#### Your objective:
Search the material below for the string "lemma" and list each line that holds it.

#### Records provided:
********************
(* For plane binary tree shapes $t$ let $S_t$, $T$ be as in the context. Then \[ \sum_{\substack{t \in \mathcal{B}_{\le n}\\ |t| < \log_4 n}} \left(1 - \frac{[z^n]S_t(z)}{[z^n]T(z)}\right) = \mathcal{O}\!\left(\frac{n}{(\log_4 n)^{3/2}}\right) \quad \text{as } n\to\infty . \]
   Context: A plane binary tree is a rooted tree in which each node has a left and a right slot, each empty or holding a subtree; $\mathcal{B}_{\le n}$ is the set of (unlabeled) plane binary trees with at most $n$ nodes, and $|t|$ is the number of nodes. A plane increasing binary tree of size $n$ is a plane binary tree whose $n$ nodes are labeled $1,\dots,n$ increasingly along every path from the root; their exponential generating function is $T(z)=z/(1-z)$, so $[z^n]T(z)=1$. A fringe subtree is a node with all its descendants; its shape is obtained by forgetting labels. For a shape $t$ with $k$ nodes, $\ell(t)$ is its number of increasing labelings (equal to $k!$ divided by the product of the sizes of all fringe subtrees of $t$) and $w(t)=\ell(t)/k!$. $S_t(z)$ is the exponential generating function of plane increasing binary trees having no fringe subtree of shape $t$; it is the power series solution of $S_t'(z)=(1+S_t(z))^2-w(t)kz^{k-1}$, $S_t(0)=0$. Thus $1-[z^n]S_t(z)/[z^n]T(z)$ is the probability that a uniformly random plane increasing binary tree of size $n$ has a fringe subtree of shape $t$. *)

theory Defs
  imports "HOL-Library.Tree" "HOL-Computational_Algebra.Formal_Power_Series"
    "HOL-Library.Landau_Symbols" Complex_Main
begin

text \<open>Plane binary trees (shapes) are modelled as \<open>unit tree\<close>; \<open>Leaf\<close> is an empty slot,
  and \<open>size t\<close> is the number of nodes \<open>|t|\<close>.\<close>

type_synonym shape = "unit tree"

fun fringe_size_prod :: "shape \<Rightarrow> nat" where
  "fringe_size_prod Leaf = 1"
| "fringe_size_prod (Node l u r) = size (Node l u r) * fringe_size_prod l * fringe_size_prod r"

definition num_incr_labelings :: "shape \<Rightarrow> real" where
  "num_incr_labelings t = fact (size t) / real (fringe_size_prod t)"

definition wt :: "shape \<Rightarrow> real" where
  "wt t = num_incr_labelings t / fact (size t)"

definition T_egf :: "real fps" where
  "T_egf = fps_X * inverse (1 - fps_X)"

definition S_egf :: "shape \<Rightarrow> real fps" where
  "S_egf t = (THE S. fps_nth S 0 = 0 \<and>
      fps_deriv S = (1 + S)^2 - fps_const (wt t * real (size t)) * fps_X ^ (size t - 1))"

end

theory Submission
  imports Defs
begin

text \<open>Every summand is a probability and hence lies in \<open>[0,1]\<close>: the coefficients of \<open>1 + S\<^sub>t\<close>
  obey a Riccati recursion that keeps them in \<open>[0,1]\<close> because \<open>w(t) |t| \<le> |t|\<close>. So the sum is
  at most the number of shapes with fewer than \<open>log 4 n\<close> nodes. Those with \<open>k\<close> nodes are
  counted by the Catalan number \<open>C\<^sub>k \<le> 4^k / (k+1)^(3/2)\<close>; this majorant grows geometrically,
  so its sum over \<open>k < log 4 n\<close> is at most a constant times its last term, which is
  \<open>O(n / (log 4 n)^(3/2))\<close>.\<close>

unbundle fps_syntax
lemma S_of_weighted_omega_mat:
  "S_of (weighted_mat (\<lambda>i. int (i * e)) omega_mat) = {n. n mod 3 = 0 \<or> e \<le> n}"
proof (rule Set.set_eqI)
  fix n :: nat
  note pow = pow_mat_order_3[OF omega_mat_carrier omega_mat_cube, of n]
  note iff = mem_S_of_weighted_mat_iff[OF omega_mat_carrier, of n _ "\<lambda>i. int (i * e)"]
  have "n mod 3 = 0 \<or> n mod 3 = 1 \<or> n mod 3 = 2" by presburger
  then show "n \<in> S_of (weighted_mat (\<lambda>i. int (i * e)) omega_mat) \<longleftrightarrow> n \<in> {n. n mod 3 = 0 \<or> e \<le> n}"
  proof (elim disjE)
    assume "n mod 3 = 0"
    then show ?thesis using iff[of "1\<^sub>m 2"] pow by (simp add: less_2_cases_iff)
  next
    assume "n mod 3 = 1"
    then show ?thesis using iff[of omega_mat] pow
      by (auto simp: less_2_cases_iff omega_mat_def mat_of_rows_list_def)
  next
    assume "n mod 3 = 2"
    then show ?thesis using iff[of "mat_of_rows_list 2 [[-1, 1], [-1, 0]]"] pow omega_mat_sq
      by (auto simp: less_2_cases_iff mat_of_rows_list_def)
  qed
qed

(* On the support of perm3_mat^n the exponents n + k i - k j are n - a1, n + a2, n + a1 - a2
   if n mod 3 = 1, and n - a2, n + a2 - a1, n + a1 if n mod 3 = 2. *)
lemma S_of_weighted_perm3_mat:
  assumes "a2 \<le> 2 * a1" "a1 \<le> 2 * a2"
  shows "S_of (weighted_mat (\<lambda>i. int ([0, a2, a1] ! i)) perm3_mat) = semigroup_of_Apery3 a1 a2"
proof (rule Set.set_eqI)
  fix n :: nat
  note pow = pow_mat_order_3[OF perm3_mat_carrier perm3_mat_cube, of n]
  note iff = mem_S_of_weighted_mat_iff[OF perm3_mat_carrier, of n _ "\<lambda>i. int ([0, a2, a1] ! i)"]
  have "n mod 3 = 0 \<or> n mod 3 = 1 \<or> n mod 3 = 2" by presburger
  then show "n \<in> S_of (weighted_mat (\<lambda>i. int ([0, a2, a1] ! i)) perm3_mat) \<longleftrightarrow>
      n \<in> semigroup_of_Apery3 a1 a2"
  proof (elim disjE)
    assume "n mod 3 = 0"
    then show ?thesis using iff[of "1\<^sub>m 3"] pow
      by (simp add: less_3_cases_iff semigroup_of_Apery3_def)
  next
    assume "n mod 3 = 1"
    then show ?thesis using iff[of perm3_mat] pow assms
      by (auto simp: less_3_cases_iff perm3_mat_def mat_of_rows_list_def semigroup_of_Apery3_def)
  next
    assume "n mod 3 = 2"
    then show ?thesis using iff[of "mat_of_rows_list 3 [[0, 1, 0], [0, 0, 1], [1, 0, 0]]"] pow
        perm3_mat_sq assms
      by (auto simp: less_3_cases_iff mat_of_rows_list_def semigroup_of_Apery3_def)
  qed
qed

section \<open>Matricial dimension\<close>

lemma dim_mat_eqI:
  assumes "A \<in> carrier_mat d d" "S = S_of A"
    and "\<And>d' B. B \<in> carrier_mat d' d' \<Longrightarrow> d' < d \<Longrightarrow> S \<noteq> S_of B"
  shows "dim_mat S = d"
  unfolding dim_mat_def
proof (rule Least_equality)
  show "\<exists>A \<in> carrier_mat d d. S = S_of A" using assms(1,2) by blast
  fix d' assume "\<exists>B \<in> carrier_mat d' d'. S = S_of B"
  then obtain B where B: "B \<in> carrier_mat d' d'" "S = S_of B" by blast
  show "d \<le> d'"
  proof (rule ccontr)
    assume "\<not> d \<le> d'"
    then have "d' < d" by simp
    from assms(3)[OF B(1) this] B(2) show False by simp
  qed
qed

lemma semigroup_of_Apery3_ne_S_of_dim_le_1:
  assumes "1 < a1" "B \<in> carrier_mat d d" "d \<le> 1"
  shows "semigroup_of_Apery3 a1 a2 \<noteq> S_of B"
proof
  assume S: "semigroup_of_Apery3 a1 a2 = S_of B"
  have "3 \<in> S_of B" "1 \<notin> S_of B"
    unfolding S[symmetric] semigroup_of_Apery3_def using assms(1) by simp_all
  then show False using S_of_dim_le_1[OF assms(2,3)] by blast
qed

lemma dim_mat_semigroup_of_Apery3_close:
  assumes "a1 mod 3 = 1" "a2 mod 3 = 2" "1 < a1" "\<bar>int a1 - int a2\<bar> \<le> 2"
  shows "dim_mat (semigroup_of_Apery3 a1 a2) = 2"
proof (rule dim_mat_eqI[OF weighted_mat_carrier[OF omega_mat_carrier]])
  show "semigroup_of_Apery3 a1 a2 = S_of (weighted_mat (\<lambda>i. int (i * min a1 a2)) omega_mat)"
    unfolding S_of_weighted_omega_mat using semigroup_of_Apery3_interval assms(1,2,4) .
  show "semigroup_of_Apery3 a1 a2 \<noteq> S_of B" if "B \<in> carrier_mat d d" "d < 2" for d B
    using semigroup_of_Apery3_ne_S_of_dim_le_1[OF assms(3) that(1)] that(2) by simp
qed

lemma dim_mat_semigroup_of_Apery3_far:
  assumes "a1 mod 3 = 1" "a2 mod 3 = 2" "1 < a1" "a2 \<le> 2 * a1" "a1 \<le> 2 * a2"
    and "\<bar>int a1 - int a2\<bar> > 2"
  shows "dim_mat (semigroup_of_Apery3 a1 a2) = 3"
proof (rule dim_mat_eqI[OF weighted_mat_carrier[OF perm3_mat_carrier]])
  show "semigroup_of_Apery3 a1 a2 = S_of (weighted_mat (\<lambda>i. int ([0, a2, a1] ! i)) perm3_mat)"
    using S_of_weighted_perm3_mat[OF assms(4,5)] by simp
  show "semigroup_of_Apery3 a1 a2 \<noteq> S_of B" if "B \<in> carrier_mat d d" "d < 3" for d B
  proof (cases "d = 2")
    case True
    then show ?thesis
      using S_of_mat2_semigroup_of_Apery3[of B a1 a2] that(1) assms(1,2,6) by auto
  next
    case False
    then show ?thesis
      using semigroup_of_Apery3_ne_S_of_dim_le_1[OF assms(3) that(1)] that(2) by simp
  qed
qed

theorem theorem3p4:
  fixes S :: "nat set" and a1 a2 :: nat
  assumes "numerical_semigroup S"
    and "multiplicity_ns S = 3"
    and "a1 = (LEAST x. x \<in> S \<and> x mod 3 = 1)"
    and "a2 = (LEAST x. x \<in> S \<and> x mod 3 = 2)"
  shows "(\<bar>int a1 - int a2\<bar> \<le> 2 \<longrightarrow> dim_mat S = 2)
       \<and> (\<bar>int a1 - int a2\<bar> > 2 \<longrightarrow> dim_mat S = 3)"
  using multiplicity_3_semigroup[OF assms] dim_mat_semigroup_of_Apery3_close[of a1 a2]
    dim_mat_semigroup_of_Apery3_far[of a1 a2]
  by simp

end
********************
#### Answer:
lemma S_of_weighted_omega_mat:
lemma S_of_weighted_perm3_mat:
lemma dim_mat_eqI:
lemma semigroup_of_Apery3_ne_S_of_dim_le_1:
lemma dim_mat_semigroup_of_Apery3_close:
lemma dim_mat_semigroup_of_Apery3_far:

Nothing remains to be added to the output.